text \<open>By well-founded
  induction on T: a reduction below T would, via a companion that is not reducible below
  its own signature T' < T and the rewriter of T', contradict the previous lemma.\<close>
lemma rewriter_not_reducible_below:
  "snd T < m \<Longrightarrow> rewriter T k \<Longrightarrow> \<not> reducible_below f T (monom (cofactor T k) 1 * snd (G ! k))"
proof (induction T arbitrary: k rule: wf_induct_rule[OF wf_term_less])
  case (1 T)
  have Tm: "snd T < m" and kT: "rewriter T k" using "1.prems" by simp_all
  show ?case
  proof
    assume red: "reducible_below f T (monom (cofactor T k) 1 * snd (G ! k))"
    then have g: "snd (G ! k) \<noteq> 0" using not_reducible_below_zero by (metis mult_zero_right)
    obtain u0 p0 where u0: "(u0, p0) \<in> Mmod m f" "opt_less ordM (lpp_v ordM m u0) (Some T)"
        "p0 \<noteq> 0" "lpp ordR p0 = lpp ordR (monom (cofactor T k) 1 * snd (G ! k))"
      using red unfolding reducible_below_def by blast
    obtain u' p' T' where u': "(u', p') \<in> Mmod m f" "lpp_v ordM m u' = Some T'"
        "opt_le ordM (Some T') (lpp_v ordM m u0)" "p' \<noteq> 0" "lpp ordR p' = lpp ordR p0"
        "\<not> reducible_below f T' p'"
      using exists_not_reducible_below[OF u0(1,3)] by blast
    obtain T0 where T0: "lpp_v ordM m u0 = Some T0" using Mmod_sig_exists[OF u0(1,3)] by blast
    have T'm: "snd T' < m" and T0m: "snd T0 < m" using u'(2) T0 lpp_v_snd by blast+
    have "ordM T0 T" using u0(2) T0 by (simp add: opt_less_def)
    then have T'T: "ordM T' T"
      using u'(3) T0 M_trans[OF T'm T0m Tm] by (auto simp: opt_le_def opt_less_def)
    obtain k' where k': "rewriter T' k'" using rewriter_exists[OF T'm] by blast
    have "(T', T) \<in> term_less" using T'T T'm Tm by (simp add: term_less_def)
    then have "\<not> reducible_below f T' (monom (cofactor T' k') 1 * snd (G ! k'))"
      using "1.IH" T'm k' by blast
    then have "snd (G ! k') \<noteq> 0" "lpp ordR (monom (cofactor T' k') 1 * snd (G ! k')) = lpp ordR p'"
      using multiple_lpp_eq[OF u'(1,2,4,6)] k' by (auto simp: rewriter_def)
    then show False
      using rewriter_multiples_lpp_distinct[OF kT k' Tm T'm T'T g] u'(5) u0(4)
      by simp
  qed
qed
abbreviation right_weight :: "real \<Rightarrow> real" where
  "right_weight M \<equiv> (1 - deriv Vf M) / 2"

abbreviation left_poisson_integral :: "real \<Rightarrow> real \<Rightarrow> real \<Rightarrow> real" where
  "left_poisson_integral \<tau> x \<epsilon> \<equiv> integral {Vpts 0..\<tau>} (\<lambda>M. left_weight M * poisson_exp x \<epsilon> M)"

abbreviation right_poisson_integral :: "real \<Rightarrow> real \<Rightarrow> real \<Rightarrow> real" where
  "right_poisson_integral \<tau> x \<epsilon> \<equiv> integral {\<tau>..Vpts n} (\<lambda>M. right_weight M * poisson_exp x \<epsilon> M)"

lemma Vpts_le: "k \<le> m \<Longrightarrow> m \<le> n \<Longrightarrow> Vpts k \<le> Vpts m"
  by (rule lift_Suc_mono_le_ivl[of "{..<n}"]) (use Vpts_mono in \<open>auto intro: less_imp_le\<close>)

lemma Vpts_less: "k < m \<Longrightarrow> m \<le> n \<Longrightarrow> Vpts k < Vpts m"
  by (rule lift_Suc_mono_less_ivl[of "{..<n}"]) (use Vpts_mono in auto)

lemma deriv_Vf:
  assumes k: "k \<in> {1..n}" and M: "M \<in> {Vpts (k - 1)<..<Vpts k}"
  shows "deriv Vf M = \<beta> k"
proof -
  have "((\<lambda>M. Vf (Vpts (k - 1)) + \<beta> k * (M - Vpts (k - 1))) has_field_derivative \<beta> k) (at M)"
    by (auto intro!: derivative_eq_intros)
  then have "(Vf has_field_derivative \<beta> k) (at M)"
  proof (rule has_field_derivative_transform_within_open[OF _ open_greaterThanLessThan M])
    fix x assume "x \<in> {Vpts (k - 1)<..<Vpts k}"
    then have "x \<in> {Vpts (k - 1)..Vpts k}"
      by simp
    then show "Vf (Vpts (k - 1)) + \<beta> k * (x - Vpts (k - 1)) = Vf x"
      using Vf_lin k by metis
  qed
  then show ?thesis
    by (rule DERIV_imp_deriv)
qed

lemma obtain_piece:
  assumes "M \<in> {Vpts 0..Vpts n} - Vpts ` {..n}"
  obtains k where "k \<in> {1..n}" "M \<in> {Vpts (k - 1)<..<Vpts k}"
proof -
  have M: "Vpts 0 < M" "M < Vpts n"
    using assms by (auto simp: order.order_iff_strict)
  define k where "k = (LEAST k. M < Vpts k)"
  have "M < Vpts k" "k \<le> n"
    unfolding k_def by (auto intro: LeastI[of _ n] Least_le M)
  moreover have "k \<noteq> 0"
    using \<open>M < Vpts k\<close> M by (cases k) auto
  moreover have "Vpts (k - 1) < M"
  proof -
    have "\<not> M < Vpts (k - 1)"
      unfolding k_def by (rule not_less_Least) (use \<open>k \<noteq> 0\<close> in \<open>simp add: k_def\<close>)
    moreover have "Vpts (k - 1) \<noteq> M"
      using assms \<open>k \<le> n\<close> by auto
    ultimately show ?thesis by simp
  qed
  ultimately show ?thesis
    by (intro that[of k]) auto
qed

text \<open>
  At the breakpoints \<open>deriv Vf\<close> is an unspecified value, hence the finite exceptional sets here
  and in the estimates below.
\<close>

lemma weights_bounded:
  assumes "M \<in> {Vpts 0..Vpts n} - Vpts ` {..n}"
  shows "0 \<le> left_weight M" "left_weight M \<le> 1" "0 \<le> right_weight M" "right_weight M \<le> 1"
proof -
  obtain k where "k \<in> {1..n}" "M \<in> {Vpts (k - 1)<..<Vpts k}"
    using obtain_piece[OF assms] .
  then have "deriv Vf M \<in> {-1..1}"
    using beta_range deriv_Vf by auto
  then show "0 \<le> left_weight M" "left_weight M \<le> 1" "0 \<le> right_weight M" "right_weight M \<le> 1"
    by auto
qed

lemma integral_DERIV_on_left:
  assumes j: "1 \<le> j" "j \<le> n" and tau: "\<tau> \<in> {Vpts (j - 1)<..<Vpts j}"
  shows "integral_DERIV_on {z. 0 < Im z} log_left log_left' left_weight (Vpts 0) \<tau>"
proof -
  define P where "P k = (if k < j then Vpts k else \<tau>)" for k
  have "integral_DERIV_on {z. 0 < Im z} log_left log_left' left_weight (P 0) (P j)"
  proof (rule integral_DERIV_on_piecewise_const[where c = "\<lambda>k. (1 + \<beta> (Suc k)) / 2"])
    show "P k \<le> P (Suc k)" if "k < j" for k
    proof (cases "Suc k < j")
      case False
      then have "k = j - 1"
        using that by simp
      then show ?thesis
        using that tau by (simp add: P_def)
    qed (use that j Vpts_le[of k "Suc k"] in \<open>simp add: P_def\<close>)
    show "left_weight M = (1 + \<beta> (Suc k)) / 2" if "k < j" "M \<in> {P k<..<P (Suc k)}" for k M
    proof -
      have "Suc k < j \<or> Suc k = j"
        using that(1) by linarith
      then have "M \<in> {Vpts k<..<Vpts (Suc k)}"
        using that tau by (elim disjE) (auto simp: P_def)
      then show ?thesis
        using deriv_Vf[of "Suc k" M] that(1) j by simp
    qed
  qed (use open_halfspace_Im_gt convex_halfspace_Im_gt continuous_on_log_left
         continuous_on_log_left' log_left_has_field_derivative in auto)
  then show ?thesis
    using j by (simp add: P_def)
qed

▶ [WHAT THIS TASK INVOLVES]: Give back exactly the lines from the one containing "using that(1) by linarith" through the end of the listing above, with both ends included and nothing added.

▶ [RESPONSE AREA]:
        using that(1) by linarith
      then have "M \<in> {Vpts k<..<Vpts (Suc k)}"
        using that tau by (elim disjE) (auto simp: P_def)
      then show ?thesis
        using deriv_Vf[of "Suc k" M] that(1) j by simp
    qed
  qed (use open_halfspace_Im_gt convex_halfspace_Im_gt continuous_on_log_left
         continuous_on_log_left' log_left_has_field_derivative in auto)
  then show ?thesis
    using j by (simp add: P_def)
qed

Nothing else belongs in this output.